President Donald Trump pronounced ObamaCare, or the Affordable Care Act (ACA), as “dead” at a White House cabinet meeting Oct. 13.

“It’s gone,” the president said with arms crossed before the cameras documenting his announcement. “It’s no longer….You shouldn’t even mention it. It’s gone. There’s is no such thing as ObamaCare any more.”

President Donald Trump speaks to the 2017 Value Voters Summit, Friday, Oct. 13, 2017, in Washington. Trump’s decision to end a provision of the Affordable Care Act that has benefited an estimated 6 million Americans helps fulfill a campaign promise, but it also risks harming some of the very people who helped him win the presidency. Nearly 70 percent of those benefiting from the so-called cost-sharing subsidies live in states Trump won last November, according to an analysis by The Associated Press. (AP Photo/Evan Vucci)



A same day executive order eliminated a set of subsidies, or cost-sharing reductions (CSRs), to health insurance providers that allowed them to reduce copays and premiums for working families struggling to afford health insurance. The Americans that qualify are above the poverty line and do not qualify for Medicaid.

“I cut off the gravy train,” Trump said of withholding the funds.

On Oct. 17, Sens. Patty Murray, a Democrat of Washington, and Lamar Alexander, a Republican of Tennessee, announced a tentative bipartisan arrangement to fund these subsidies for two years. No bill has been signed into law at the time of this report , and given that Congress has not passed a budget since 2015, any measure will likely be part of another continuing resolution.

Part of the president’s alleged rationale was to find a healthcare solution “where premiums don’t have to double and triple every year like they’ve been doing under ObamaCare,” he said during the same meeting.

However, premiums have only risen 12 to 15 percent this year, said Dylan H. Roby, associate professor of health services administration at the University of Maryland, College Park. And, he added, the majority of that increase is due to uncertainty in insurance markets fueled by the Trump administration’s threats.
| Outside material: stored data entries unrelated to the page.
text \<open>The first vertical mode \<open>y\<close> oscillates with an amplitude \<open>A\<close> fixed by the energy,
  \<open>E = V(A)\<close> with \<open>V(x) = 3/2 x\<^sup>2 + 3/8 x\<^sup>4\<close>; since \<open>V\<close> increases with \<open>x\<^sup>2\<close>, the amplitude
  condition \<open>A \<le> sqrt (10/21)\<close> is the energy condition \<open>E \<le> V (sqrt (10/21)) = 235/294\<close>.
  By its reflection symmetries \<open>y\<close> is antiperiodic with some half period \<open>T\<close>, and timing a quarter
  oscillation through \<open>arccos (y/A)\<close> gives \<open>(\<pi>/T)\<^sup>2 = 3 + 3/4 (A\<^sup>2 + p\<^sup>2)\<close> for some \<open>0 < p < A\<close>.
  Hence the \<open>T\<close>-periodic Hill coefficient \<open>q = 7 + 27/2 y\<^sup>2\<close> satisfies
  \<open>(\<pi>/T)\<^sup>2 < 7 \<le> q \<le> 7 + 27/2 A\<^sup>2 < (2\<pi>/T)\<^sup>2\<close> when \<open>A\<^sup>2 \<le> 10/21\<close>, and Zhukovskii's criterion
  applies: by Sturm comparison every interval of length \<open>\<pi>/\<surd>7 < T\<close> contains a zero of a solution,
  while distinct zeros are more than \<open>T/2\<close> apart, so no solution satisfies \<open>\<xi>(t + T) = \<lambda> \<xi>(t)\<close>.
  Consequently the conserved Wronskian of a solution and its translate is a definite quadratic form
  in \<open>(\<xi>(nT), \<xi>'(nT))\<close>, which bounds all solutions.\<close>

text \<open>A Gronwall-type argument: \<open>e\<close> times \<open>exp (-L t)\<close> cannot increase and \<open>e\<close> times \<open>exp (L t)\<close>
  cannot decrease, so a zero of \<open>e\<close> propagates in both directions.\<close>
lemma nonneg_eq_0_if_abs_deriv_le:
  fixes e e' :: "real \<Rightarrow> real"
  assumes der: "\<And>x. (e has_real_derivative e' x) (at x)"
    and bound: "\<And>x. \<bar>e' x\<bar> \<le> L * e x" and nonneg: "\<And>x. 0 \<le> e x" and zero: "e s = 0"
  shows "e t = 0"
proof -
  have exp_der: "((\<lambda>x. exp (c * x)) has_real_derivative exp (c * x) * c) (at x)" for c x
    by (auto intro!: derivative_eq_intros)
  have weighted_der: "((\<lambda>x. e x * exp (c * x)) has_real_derivative (e' x + c * e x) * exp (c * x)) (at x)"
    for c x
    by (rule DERIV_cong[OF DERIV_mult'[OF der exp_der]]) (simp add: algebra_simps)
  have "e t * exp (- L * t) \<le> e s * exp (- L * s)" if "s \<le> t"
  proof (rule DERIV_nonpos_imp_nonincreasing[OF that])
    fix x
    have "(e' x + - L * e x) * exp (- L * x) \<le> 0"
      using bound[of x] by (intro mult_nonpos_nonneg) auto
    then show "\<exists>y. ((\<lambda>x. e x * exp (- L * x)) has_real_derivative y) (at x) \<and> y \<le> 0"
      using weighted_der by blast
  qed
  moreover have "e t * exp (L * t) \<le> e s * exp (L * s)" if "t \<le> s"
  proof (rule DERIV_nonneg_imp_nondecreasing[OF that])
    fix x
    have "0 \<le> (e' x + L * e x) * exp (L * x)"
      using bound[of x] by (intro mult_nonneg_nonneg) auto
    then show "\<exists>y. ((\<lambda>x. e x * exp (L * x)) has_real_derivative y) (at x) \<and> 0 \<le> y"
      using weighted_der by blast
  qed
  ultimately have "e t * exp (- L * t) \<le> 0 \<or> e t * exp (L * t) \<le> 0"
    using zero by fastforce
  then show ?thesis using nonneg[of t] by (auto simp: mult_le_0_iff)
qed
lemma finite_subset_first_coords:
  assumes "finite S"
  shows "\<exists>N. S \<subseteq> first_coords N"
proof -
  have "finite (Some -` S)" using assms by (simp add: finite_vimageI)
  then obtain N where "Some -` S \<subseteq> {..<N}"
    using finite_nat_bounded by blast
  moreover have "S \<subseteq> insert None (Some ` (Some -` S))"
    by (auto intro: option.exhaust)
  ultimately show ?thesis
    unfolding first_coords_def by blast
qed

definition rat_fun_of :: "rat list \<Rightarrow> rat \<Rightarrow> nat option \<Rightarrow> real" where
  "rat_fun_of xs c x =
     (case x of Some n \<Rightarrow> if n < length xs then of_rat (xs ! n) else of_rat c | None \<Rightarrow> of_rat c)"

lemma rat_fun_of_eventually_const: "length xs \<le> n \<Longrightarrow> rat_fun_of xs c (Some n) = rat_fun_of xs c None"
  by (simp add: rat_fun_of_def)

lemma rat_funs_subset_Cp_xi_topology:
  assumes "free_filter F"
  shows "range (case_prod rat_fun_of) \<subseteq> topspace (Cp (xi_topology F))"
proof clarify
  fix xs c
  show "rat_fun_of xs c \<in> topspace (Cp (xi_topology F))"
    using continuous_map_xi_topology_eventually_const[OF assms, of "length xs"]
    by (simp add: topspace_Cp rat_fun_of_eventually_const)
qed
“The Trump administration has been deciding on a monthly basis whether to cancel the payments and that uncertainty led to premium increases overall,” Roby told the AFRO. ”If we see premiums go up by 25 percent this year, half of it’s due to uncertainty, part of it’s due to the cost sharing reductions going away and then a small percentage, probably 6 or 7 percent is actually due to increases in health care costs and the risks that people in the individual market are using services.”

Further, he said, while some consumers might be driven off their health insurance due to rising costs, those that remain insured will be entitled to increased tax credits from the supposedly “dead” ObamaCare.

Cutting CSRs “actually spends a lot more federal money than would have been spent on the payments themselves,” Roby said.

If the Alexander-Murray deal does not go through, the new arrangement stands the greatest chance of injuring a large number of Black Americans but also Trump’s political base.

“Trump is really good at dog whistle politics and policy: doing things that may not have any meat underneath them,” said Judy Lubin, a sociologist, policy analyst and adjunct professor at Howard University. She described the executive order as an act of “spite.”

“This is an example where it does have substantial impact on people’s lives,” Lubin told the AFRO. “It’s just a really bad policy. Almost 50 percent of people who are eligible for these subsidies live in the South. Another 20-plus percent live in the West. We’re looking at Trump supporters: 50 percent of them are White, non-Hispanic living in these red states.”

Questions remain over the sheer complexity of ACA as it was and how consumers can protect themselves even if the tentative deal goes through. Roby was confident that savvy consumers would be able to avoid the worst impact in the exchanges, but Stephen B. Thomas, director, Maryland Center for Health Equity, wondered how his grandmother would keep up.

“She could not navigate her way through it without her hand being held,” Thomas told the AFRO. “We have far too many people in our country — especially racial and ethnic minorities, especially people living in rural areas, Black, White, especially people who live in poverty — who have no hand to hold, and so they’re left to fend for themselves.”

While immediate damage from the executive order has been avoided or at least delayed, another conversation about the future of ACA is a short two years away.

“Do we have people being rolled out of the hospital into the street? No,” said Thomas. “But the mere fact that that’s a possibility, that people could die from lack of access to care that would save their lives and, more importantly, preventative services that could actually prevent disease from occurring in the first place is the most tragic aspect of the situation that we currently find ourselves in.”